++++ PROVIDED ENTRIES ++++

lemma mmul_adj_pq_shaped:
  assumes "pq_shaped n p q B" and "p \<in> {1..n}" and "q \<in> {1..n}" and "p \<noteq> q"
    and "i \<in> {1..n}" and "j \<in> {1..n}"
  shows "mmul n B (adj B) i j =
    (if i \<in> {p, q} \<and> j \<in> {p, q} then B i p * qcnj (B j p) + B i q * qcnj (B j q)
     else if i = j then B i i * qcnj (B i i) else 0)"
proof -
  have off: "B k l = 0" if "k \<noteq> l" "(k, l) \<noteq> (p, q)" "(k, l) \<noteq> (q, p)" for k l
    using assms(1) that by (simp add: pq_shaped_def)
  let ?S = "if i = p \<or> i = q then {p, q} else {i}"
  have "mmul n B (adj B) i j = (\<Sum>k\<in>?S. B i k * qcnj (B j k))"
    unfolding mmul_def adj_def
  proof (rule sum.mono_neutral_right)
    show "\<forall>k\<in>{1..n} - ?S. B i k * qcnj (B j k) = 0"
      using off by auto
  qed (use assms in auto)
  then show ?thesis
    using assms(4) by (auto simp: off)
qed

lemma pq_shaped_in_Sp_iff:
  assumes "pq_shaped n p q B" and "p \<in> {1..n}" and "q \<in> {1..n}" and "p \<noteq> q"
  shows "B \<in> Sp n \<longleftrightarrow> (\<forall>k\<in>{1..n}. k \<noteq> p \<and> k \<noteq> q \<longrightarrow> B k k * qcnj (B k k) = 1)
    \<and> B p p * qcnj (B p p) + B p q * qcnj (B p q) = 1
    \<and> B q p * qcnj (B q p) + B q q * qcnj (B q q) = 1
    \<and> B p p * qcnj (B q p) + B p q * qcnj (B q q) = 0"
    (is "_ \<longleftrightarrow> ?diag \<and> ?pp \<and> ?qq \<and> ?pq")
proof -
  let ?M = "mmul n B (adj B)"
  note M = mmul_adj_pq_shaped[OF assms]
  have qmat: "is_qmat n B"
    using assms(1) by (simp add: pq_shaped_def)
  have outside: "?M i j = idm n i j" if "i \<notin> {1..n} \<or> j \<notin> {1..n}" for i j
  proof -
    have zero: "B i k * qcnj (B j k) = 0" for k
      using qmat that unfolding is_qmat_def by auto
    show ?thesis
      unfolding mmul_def adj_def idm_def using that by (auto simp: zero)
  qed
  show ?thesis
  proof
    assume "B \<in> Sp n"
    then have I: "?M i j = idm n i j" for i j
      by (simp add: Sp_def)
    have "?diag"
    proof (intro ballI impI)
      fix k assume "k \<in> {1..n}" "k \<noteq> p \<and> k \<noteq> q"
      then show "B k k * qcnj (B k k) = 1"
        using I[of k k] M[of k k] by (simp add: idm_def)
    qed
    moreover have "?pp" "?qq" "?pq"
      using I[of p p] I[of q q] I[of p q] M[of p p] M[of q q] M[of p q] assms(2-4)
      by (simp_all add: idm_def)
    ultimately show "?diag \<and> ?pp \<and> ?qq \<and> ?pq"
      by blast
  next
    assume "?diag \<and> ?pp \<and> ?qq \<and> ?pq"
    then have diag: "?diag" and pp: "?pp" and qq: "?qq" and pq: "?pq"
      by blast+
    from pq have qp: "B q p * qcnj (B p p) + B q q * qcnj (B p q) = 0"
      by (rule qcnj_orthogonal_sym)
    have "?M i j = idm n i j" if "i \<in> {1..n}" "j \<in> {1..n}" for i j
    proof -
      consider "i = p" "j = p" | "i = q" "j = q" | "i = p" "j = q" | "i = q" "j = p"
        | "\<not> (i \<in> {p, q} \<and> j \<in> {p, q})"
        by blast
      then show ?thesis
        using M[OF that] that diag pp qq pq qp assms(4)
        by cases (auto simp: idm_def)
    qed
    then have "?M i j = idm n i j" for i j
      using outside by blast
    then show "B \<in> Sp n"
      using qmat by (simp add: Sp_def fun_eq_iff)
  qed
qed

lemma vmul_adj_pq_shaped_lift:
  assumes "pq_shaped n p q B" and "p \<in> {1..n}" and "q \<in> {1..n}" and "p \<noteq> q"
    and "\<forall>k\<in>{1..n}. k \<noteq> p \<and> k \<noteq> q \<longrightarrow> B k k \<noteq> 0"
    and "y \<in> Hvec n"
    and "xp * qcnj (B p p) + xq * qcnj (B p q) = y p"
    and "xp * qcnj (B q p) + xq * qcnj (B q q) = y q"
  shows "vmul n (\<lambda>k. if k = p then xp else if k = q then xq else y k * inverse (qcnj (B k k))) (adj B) = y"
proof
  fix k
  show "vmul n (\<lambda>k. if k = p then xp else if k = q then xq else y k * inverse (qcnj (B k k))) (adj B) k = y k"
    using assms by (auto simp: vmul_adj_pq_shaped Hvec_def mult.assoc)
qed

lemma image_vmul_adj_pq_line:
  assumes "pq_shaped n p q B" and "p \<in> A" and "q \<in> A" and "A \<subseteq> {1..n}" and "p \<noteq> q"
    and "\<forall>k\<in>{1..n}. k \<noteq> p \<and> k \<noteq> q \<longrightarrow> B k k \<noteq> 0"
  shows "(\<lambda>x. vmul n x (adj B)) ` (coord_subspace A \<inter> pq_line p q a b)
    = coord_subspace A \<inter> pq_line p q (a * qcnj (B p p) + b * qcnj (B p q)) (a * qcnj (B q p) + b * qcnj (B q q))"
    (is "?T ` _ = _ \<inter> pq_line p q ?a ?b")
proof -
  have p: "p \<in> {1..n}" and q: "q \<in> {1..n}"
    using assms(2-4) by auto
  note T = vmul_adj_pq_shaped[OF assms(1) p q assms(5)]
  have lin: "c * a * qcnj (B p p) + c * b * qcnj (B p q) = c * ?a"
    "c * a * qcnj (B q p) + c * b * qcnj (B q q) = c * ?b" for c
    by (simp_all add: algebra_simps)
  show ?thesis
  proof (intro equalityI subsetI)
    fix y assume "y \<in> ?T ` (coord_subspace A \<inter> pq_line p q a b)"
    then obtain x c where x: "x \<in> coord_subspace A" "x p = c * a" "x q = c * b" and y: "y = ?T x"
      by (auto simp: pq_line_def)
    have "y \<in> coord_subspace A"
      using x assms(2,3) by (auto simp: y T coord_subspace_def)
    moreover have "y p = c * ?a" "y q = c * ?b"
      using x p q assms(5) lin by (simp_all add: y T)
    ultimately show "y \<in> coord_subspace A \<inter> pq_line p q ?a ?b"
      by (auto simp: pq_line_def)
  next
    fix y assume y: "y \<in> coord_subspace A \<inter> pq_line p q ?a ?b"
    then obtain c where c: "y p = c * ?a" "y q = c * ?b"
      by (auto simp: pq_line_def)
    let ?x = "\<lambda>k. if k = p then c * a else if k = q then c * b else y k * inverse (qcnj (B k k))"
    have "y \<in> Hvec n"
      using y assms(4) by (auto simp: coord_subspace_def Hvec_def)
    then have "?T ?x = y"
      using c lin by (intro vmul_adj_pq_shaped_lift[OF assms(1) p q assms(5,6)]) simp_all
    moreover have "?x \<in> coord_subspace A"
      using y assms(2,3) by (auto simp: coord_subspace_def)
    moreover have "?x \<in> pq_line p q a b"
      using assms(5) by (auto simp: pq_line_def intro!: exI[of _ c])
    ultimately show "y \<in> ?T ` (coord_subspace A \<inter> pq_line p q a b)"
      by (intro image_eqI[OF sym]) auto
  qed
qed

lemma image_vmul_adj_coord_subspace:
  assumes "pq_shaped n p q B" and "p \<in> {1..n}" and "q \<in> {1..n}" and "p \<noteq> q"
    and "\<forall>k\<in>{1..n}. k \<noteq> p \<and> k \<noteq> q \<longrightarrow> B k k \<noteq> 0"
    and "\<forall>yp yq. \<exists>xp xq. xp * qcnj (B p p) + xq * qcnj (B p q) = yp
      \<and> xp * qcnj (B q p) + xq * qcnj (B q q) = yq"
    and "A \<subseteq> {1..n}" and "p \<in> A \<longleftrightarrow> q \<in> A"
  shows "(\<lambda>x. vmul n x (adj B)) ` coord_subspace A = coord_subspace A"
    (is "?T ` _ = _")
proof (intro equalityI subsetI)
  fix y assume "y \<in> ?T ` coord_subspace A"
  then obtain x where x: "x \<in> coord_subspace A" and y: "y = ?T x"
    by blast
  show "y \<in> coord_subspace A"
    using x assms(8) by (auto simp: y vmul_adj_pq_shaped[OF assms(1-4)] coord_subspace_def)
next
  fix y assume y: "y \<in> coord_subspace A"
  obtain xp xq where xpq: "xp * qcnj (B p p) + xq * qcnj (B p q) = y p"
      "xp * qcnj (B q p) + xq * qcnj (B q q) = y q" and zero: "p \<notin> A \<Longrightarrow> xp = 0 \<and> xq = 0"
  proof (cases "p \<in> A")
    case False
    then have "y p = 0" "y q = 0"
      using y assms(8) by (auto simp: coord_subspace_def)
    then show ?thesis
      using that[of 0 0] by simp
  qed (use assms(6) that in blast)
  let ?x = "\<lambda>k. if k = p then xp else if k = q then xq else y k * inverse (qcnj (B k k))"
  have "y \<in> Hvec n"
    using y assms(7) by (auto simp: coord_subspace_def Hvec_def)
  then have "?T ?x = y"
    using xpq by (rule vmul_adj_pq_shaped_lift[OF assms(1-5)])
  moreover have "?x \<in> coord_subspace A"
    using y zero assms(8) by (auto simp: coord_subspace_def)
  ultimately show "y \<in> ?T ` coord_subspace A"
    by (rule image_eqI[OF sym])
qed

lemma Kpq_unitary:
  assumes "B \<in> Kpq n p q" and "p \<in> {1..n}" and "q \<in> {1..n}" and "p \<noteq> q"
  shows "\<forall>k\<in>{1..n}. k \<noteq> p \<and> k \<noteq> q \<longrightarrow> B k k * qcnj (B k k) = 1"
    and "B p p * qcnj (B p p) + B p q * qcnj (B p q) = 1"
    and "B q p * qcnj (B q p) + B q q * qcnj (B q q) = 1"
    and "B p p * qcnj (B q p) + B p q * qcnj (B q q) = 0"
  using assms pq_shaped_in_Sp_iff[of n p q B] by (simp_all add: Kpq_iff)

lemma Kpq_diag_nonzero:
  assumes "B \<in> Kpq n p q" and "p \<in> {1..n}" and "q \<in> {1..n}" and "p \<noteq> q"
  shows "\<forall>k\<in>{1..n}. k \<noteq> p \<and> k \<noteq> q \<longrightarrow> B k k \<noteq> 0"
  using Kpq_unitary(1)[OF assms] by fastforce

lemma Kpq_block_surj:
  assumes "B \<in> Kpq n p q" and "p \<in> {1..n}" and "q \<in> {1..n}" and "p \<noteq> q"
  shows "\<forall>yp yq. \<exists>xp xq. xp * qcnj (B p p) + xq * qcnj (B p q) = yp
    \<and> xp * qcnj (B q p) + xq * qcnj (B q q) = yq"
proof (intro allI)
  fix yp yq
  note U = Kpq_unitary[OF assms]
  from U(4) have qp: "B q p * qcnj (B p p) + B q q * qcnj (B p q) = 0"
    by (rule qcnj_orthogonal_sym)
  let ?xp = "yp * B p p + yq * B q p" and ?xq = "yp * B p q + yq * B q q"
  have "?xp * qcnj (B p p) + ?xq * qcnj (B p q)
      = yp * (B p p * qcnj (B p p) + B p q * qcnj (B p q)) + yq * (B q p * qcnj (B p p) + B q q * qcnj (B p q))"
    by (simp add: algebra_simps)
  moreover have "?xp * qcnj (B q p) + ?xq * qcnj (B q q)
      = yp * (B p p * qcnj (B q p) + B p q * qcnj (B q q)) + yq * (B q p * qcnj (B q p) + B q q * qcnj (B q q))"
    by (simp add: algebra_simps)
  ultimately show "\<exists>xp xq. xp * qcnj (B p p) + xq * qcnj (B p q) = yp
      \<and> xp * qcnj (B q p) + xq * qcnj (B q q) = yq"
    using U(2-4) qp by auto
qed

lemma Kpq_first_column_nonzero:
  assumes "B \<in> Kpq n p q" and "p \<in> {1..n}" and "q \<in> {1..n}" and "p \<noteq> q"
  shows "B p p \<noteq> 0 \<or> B q p \<noteq> 0"
  using Kpq_unitary(2-4)[OF assms] by auto

definition pq_block :: "nat \<Rightarrow> nat \<Rightarrow> nat \<Rightarrow> quat \<Rightarrow> quat \<Rightarrow> quat \<Rightarrow> quat \<Rightarrow> qmat" where
  "pq_block n p q a b c d = (\<lambda>i j.
     if (i, j) = (p, p) then a else if (i, j) = (p, q) then b
     else if (i, j) = (q, p) then c else if (i, j) = (q, q) then d else idm n i j)"

lemma pq_block_in_Kpq:
  assumes "p \<in> {1..n}" and "q \<in> {1..n}" and "p \<noteq> q"
    and "a * qcnj a + b * qcnj b = 1" and "c * qcnj c + d * qcnj d = 1" and "a * qcnj c + b * qcnj d = 0"
  shows "pq_block n p q a b c d \<in> Kpq n p q"
proof -
  have shaped: "pq_shaped n p q (pq_block n p q a b c d)"
    using assms(1-3) by (auto simp: pq_shaped_def is_qmat_def pq_block_def idm_def)
  have "pq_block n p q a b c d \<in> Sp n"
    unfolding pq_shaped_in_Sp_iff[OF shaped assms(1-3)]
    using assms by (auto simp: pq_block_def idm_def)
  with shaped show ?thesis
    by (simp add: Kpq_iff)
qed

lemma ex_Kpq_first_column:
  assumes "p \<in> {1..n}" and "q \<in> {1..n}" and "p \<noteq> q" and "a \<noteq> 0 \<or> b \<noteq> 0"
  shows "\<exists>B\<in>Kpq n p q. \<exists>s. s \<noteq> 0 \<and> qcnj (B p p) = s * a \<and> qcnj (B q p) = s * b"
proof (cases "a = 0")
  case True
  have "pq_block n p q 0 1 1 0 \<in> Kpq n p q"
    using assms(1-3) by (rule pq_block_in_Kpq) simp_all
  moreover have "inverse b \<noteq> 0" "inverse b * b = 1"
    using True assms(4) by simp_all
  ultimately show ?thesis
    using True assms(3)
    by (auto simp: pq_block_def intro!: bexI[of _ "pq_block n p q 0 1 1 0"] exI[of _ "inverse b"])
next
  case False
  txt \<open>Normalise (a, b) to (1, u); the block sigma [[1, -u], [conj u, 1]] is then unitary.\<close>
  define u where "u = inverse a * b"
  define \<sigma> where "\<sigma> = 1 / sqrt (1 + qnorm u)"
  define r where "r = quat_of_real \<sigma>"
  have norm: "\<sigma>\<^sup>2 * (1 + qnorm u) = 1"
    using qnorm_nonneg[of u] by (simp add: \<sigma>_def power_divide)
  have "pq_block n p q r (- (r * u)) (r * qcnj u) r \<in> Kpq n p q"
    using assms(1-3)
  proof (rule pq_block_in_Kpq)
    show "r * qcnj r + - (r * u) * qcnj (- (r * u)) = 1" "r * qcnj u * qcnj (r * qcnj u) + r * qcnj r = 1"
      using norm by (simp_all add: r_def quat_ops_defs qnorm_def power2_eq_square algebra_simps)
    show "r * qcnj (r * qcnj u) + - (r * u) * qcnj r = 0"
      by (simp add: r_def quat_ops_defs algebra_simps)
  qed
  moreover have "r \<noteq> 0"
    using qnorm_nonneg[of u] by (simp add: r_def \<sigma>_def)
  moreover have "r * inverse a * a = r" "r * inverse a * b = r * u"
    using False by (simp_all add: u_def mult.assoc)
  moreover have "qcnj (r * qcnj u) = r * u"
    by (simp add: qcnj_mult r_def quat_of_real_commute)
  ultimately show ?thesis
    using False assms(3)
    by (auto simp: pq_block_def r_def intro!: exI[of _ "r * inverse a"]
        bexI[of _ "pq_block n p q r (- (r * u)) (r * qcnj u) r"])
qed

++++

[ASSIGNED TASK]: Pull out all lines containing the word "rule" from the entries above.

[OUTPUT FOR THIS TASK]:
  proof (rule sum.mono_neutral_right)
      by (rule qcnj_orthogonal_sym)
    using xpq by (rule vmul_adj_pq_shaped_lift[OF assms(1-5)])
    by (rule image_eqI[OF sym])
    by (rule qcnj_orthogonal_sym)
    using assms(1-3) by (rule pq_block_in_Kpq) simp_all
  proof (rule pq_block_in_Kpq)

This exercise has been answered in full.